# Pass Along The Savings!



## meateater (Mar 16, 2010)

I just want to pass along some of the best kept secrets and make them no longer a secret. The prices in 
dept. stores are just outragious and I found out a money saver in restaurant supply's that will sell to the 
public, in this day's economy I don't forsee a dollar being turned away. Here are some of my finds..... a large 
SS bowl that I use as a water pan in my smoker..$11.00

Next...I got tired of using them disposable aluminum pans that bend and spill and cause me to curse that 
thats' the last time, well here's the last time.  $13.00

Heres's a little gem that I use for cold smoking, I put a few bricks in it and top with some wood chips and 
smoke away. I drilled the holes in it for air flow. $3.00 This is how I did my cheese smokes.

Here's another great find. I use this for small pieces like seafood or wings etc...$7.00

All these I use in my UDS.


----------



## rbranstner (Mar 16, 2010)

Nice score!!


----------



## mballi3011 (Mar 16, 2010)

I have a Resturant Depot in our town and I have found some really good deal there too. Noww as far as meat goes I have found the selection is greater there then any where else.I can get Colby beef and some Wagu and then they also have prime and then the regular beef and pork and goat and all kinds of seafood I'm sure most of it's from china thou.


----------



## nwdave (Mar 16, 2010)

Here's a little gem that I use for cold smoking, I put a few bricks in it and top with some wood chips and 
smoke away. I drilled the holes in it for air flow. $3.00 This is how I did my cheese smokes.

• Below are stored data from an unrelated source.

lemma dsgda_y_step_le:
  fixes f :: "'a::euclidean_space \<Rightarrow> 'b::euclidean_space \<Rightarrow> real" and z0 :: 'a and v0 :: 'b
  assumes C1: "C1_with_grads f gx gy" and L: "lipschitz_grads X Y gx gy Lx Ly"
    and Lx: "0 \<le> Lx" "Lx < r1" and Ly: "0 \<le> Ly" and X: "X \<noteq> {}" "convex X" "compact X"
    and Y: "Y \<noteq> {}" "convex Y" "closed Y" and x0: "x0 \<in> X" and y0: "y0 \<in> Y"
    and c: "c > 0" and \<alpha>: "\<alpha> > 0"
    and x1: "x1 = closest_point X (x0 - c *\<^sub>R gradxF gx r1 x0 y0 z0)"
    and y1: "y1 = closest_point Y (y0 + \<alpha> *\<^sub>R gradyF gy r2 x1 y0 v0)"
    and dx: "norm (x0 - x1) \<le> c * \<epsilon>"
    and dyp: "norm (y0 - yplus X Y f gy r1 r2 \<alpha> y0 z0 v0) \<le> \<alpha> * \<epsilon>"
  shows "norm (y0 - y1) \<le> dsgda_ystep_bound Lx Ly r1 c \<alpha> * \<epsilon>"
proof -
  define xo where "xo = xopt X f r1 r2 y0 z0 v0"
  define K where "K = (c * Lx + c * r1 + 1) / (r1 - Lx)"
  have x1X: "x1 \<in> X" and xoX: "xo \<in> X"
    using closest_point_in_set[OF compact_imp_closed[OF X(3)] X(1)] xopt_minimizes[OF C1 L Lx(2) X y0]
    unfolding x1 xo_def by auto
  have "(r1 - Lx) * norm (x1 - xo) \<le> (Lx + r1 + 1 / c) * norm (x0 - x1)"
    using xopt_projected_gradient_error_bound[OF C1 L Lx X x0 y0 c] unfolding x1 xo_def .
  also have "\<dots> \<le> (Lx + r1 + 1 / c) * (c * \<epsilon>)"
    using dx Lx c by (intro mult_left_mono) auto
  also have "\<dots> = (c * Lx + c * r1 + 1) * \<epsilon>"
    using c by (simp add: field_simps)
  finally have dxo: "norm (xo - x1) \<le> K * \<epsilon>"
    using Lx by (simp add: K_def norm_minus_commute field_simps)
  have "norm (yplus X Y f gy r1 r2 \<alpha> y0 z0 v0 - y1) \<le> \<alpha> * norm (gy xo y0 - gy x1 y0)"
  proof -
    have "(y0 + \<alpha> *\<^sub>R (gy xo y0 - r2 *\<^sub>R (y0 - v0))) - (y0 + \<alpha> *\<^sub>R (gy x1 y0 - r2 *\<^sub>R (y0 - v0)))
        = \<alpha> *\<^sub>R (gy xo y0 - gy x1 y0)"
      by (simp add: algebra_simps)
    then show ?thesis
      using closest_point_lipschitz[OF Y(2,3,1)] \<alpha>
      unfolding yplus_def y1 xo_def[symmetric] dist_norm gradyF_def by (metis abs_of_pos norm_scaleR)
  qed
  also have "\<dots> \<le> \<alpha> * (Ly * (K * \<epsilon>))"
    using L xoX x1X y0 dxo Ly \<alpha> unfolding lipschitz_grads_def
    by (smt (verit, best) mult_left_mono diff_self norm_zero)
  finally have "norm (yplus X Y f gy r1 r2 \<alpha> y0 z0 v0 - y1) \<le> \<alpha> * (Ly * (K * \<epsilon>))" .
  then show ?thesis
    using norm_triangle_ineq[of "y0 - yplus X Y f gy r1 r2 \<alpha> y0 z0 v0" "yplus X Y f gy r1 r2 \<alpha> y0 z0 v0 - y1"] dyp
    unfolding dsgda_ystep_bound_def K_def by (simp add: algebra_simps)
qed
lemma sum_wedge_eq_radial_kahler:
  "\<i> / 2 * (\<Sum>j\<in>UNIV. \<Sum>k\<in>UNIV. ((if j = k then of_real A else 0) + of_real B * cnj (p$j) * p$k)
      * wedge (dz j) (dzbar k) u v)
    = radial_kahler A B p u v"
proof -
  have "(\<Sum>j\<in>UNIV. \<Sum>k\<in>UNIV. (if j = k then of_real A else 0) * wedge (dz j) (dzbar k) u v)
      = of_real A * (\<Sum>j\<in>UNIV. wedge (dz j) (dzbar j) u v)"
    by (simp add: if_distrib[of "\<lambda>x. x * _"] sum_distrib_left cong: if_cong)
  also have "\<dots> = of_real A * (cinner v u - cinner u v)"
    by (simp add: wedge_def dz_def dzbar_def cinner_def sum_subtractf mult.commute)
  finally have diagonal: "(\<Sum>j\<in>UNIV. \<Sum>k\<in>UNIV. (if j = k then of_real A else 0) * wedge (dz j) (dzbar k) u v)
      = of_real A * (cinner v u - cinner u v)" .
  have rank_one: "(\<Sum>j\<in>UNIV. \<Sum>k\<in>UNIV. of_real B * cnj (p$j) * p$k * wedge (dz j) (dzbar k) u v)
      = of_real B * (cinner p u * cinner v p - cinner p v * cinner u p)"
    by (simp add: wedge_def dz_def dzbar_def cinner_def sum_product sum_subtractf sum_distrib_left
        algebra_simps)
  show ?thesis
    unfolding radial_kahler_def of_real_Im_eq distrib_right sum.distrib diagonal rank_one
    by (simp add: cnj_cinner algebra_simps)
qed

The loud whapping sound you just heard is my hand striking my forehead, after I finally figured out what you meant when you said "bricks"
	

	
	
		
		



		
			






.  Briquettes, oh, ok.  I see you have one of those fancy bi-lingual tape measures.
	

	
	
		
		



		
		
	


	





  Back to Cash and Carry (our local Restaurant supply style store) to followup on some great suggestions.


----------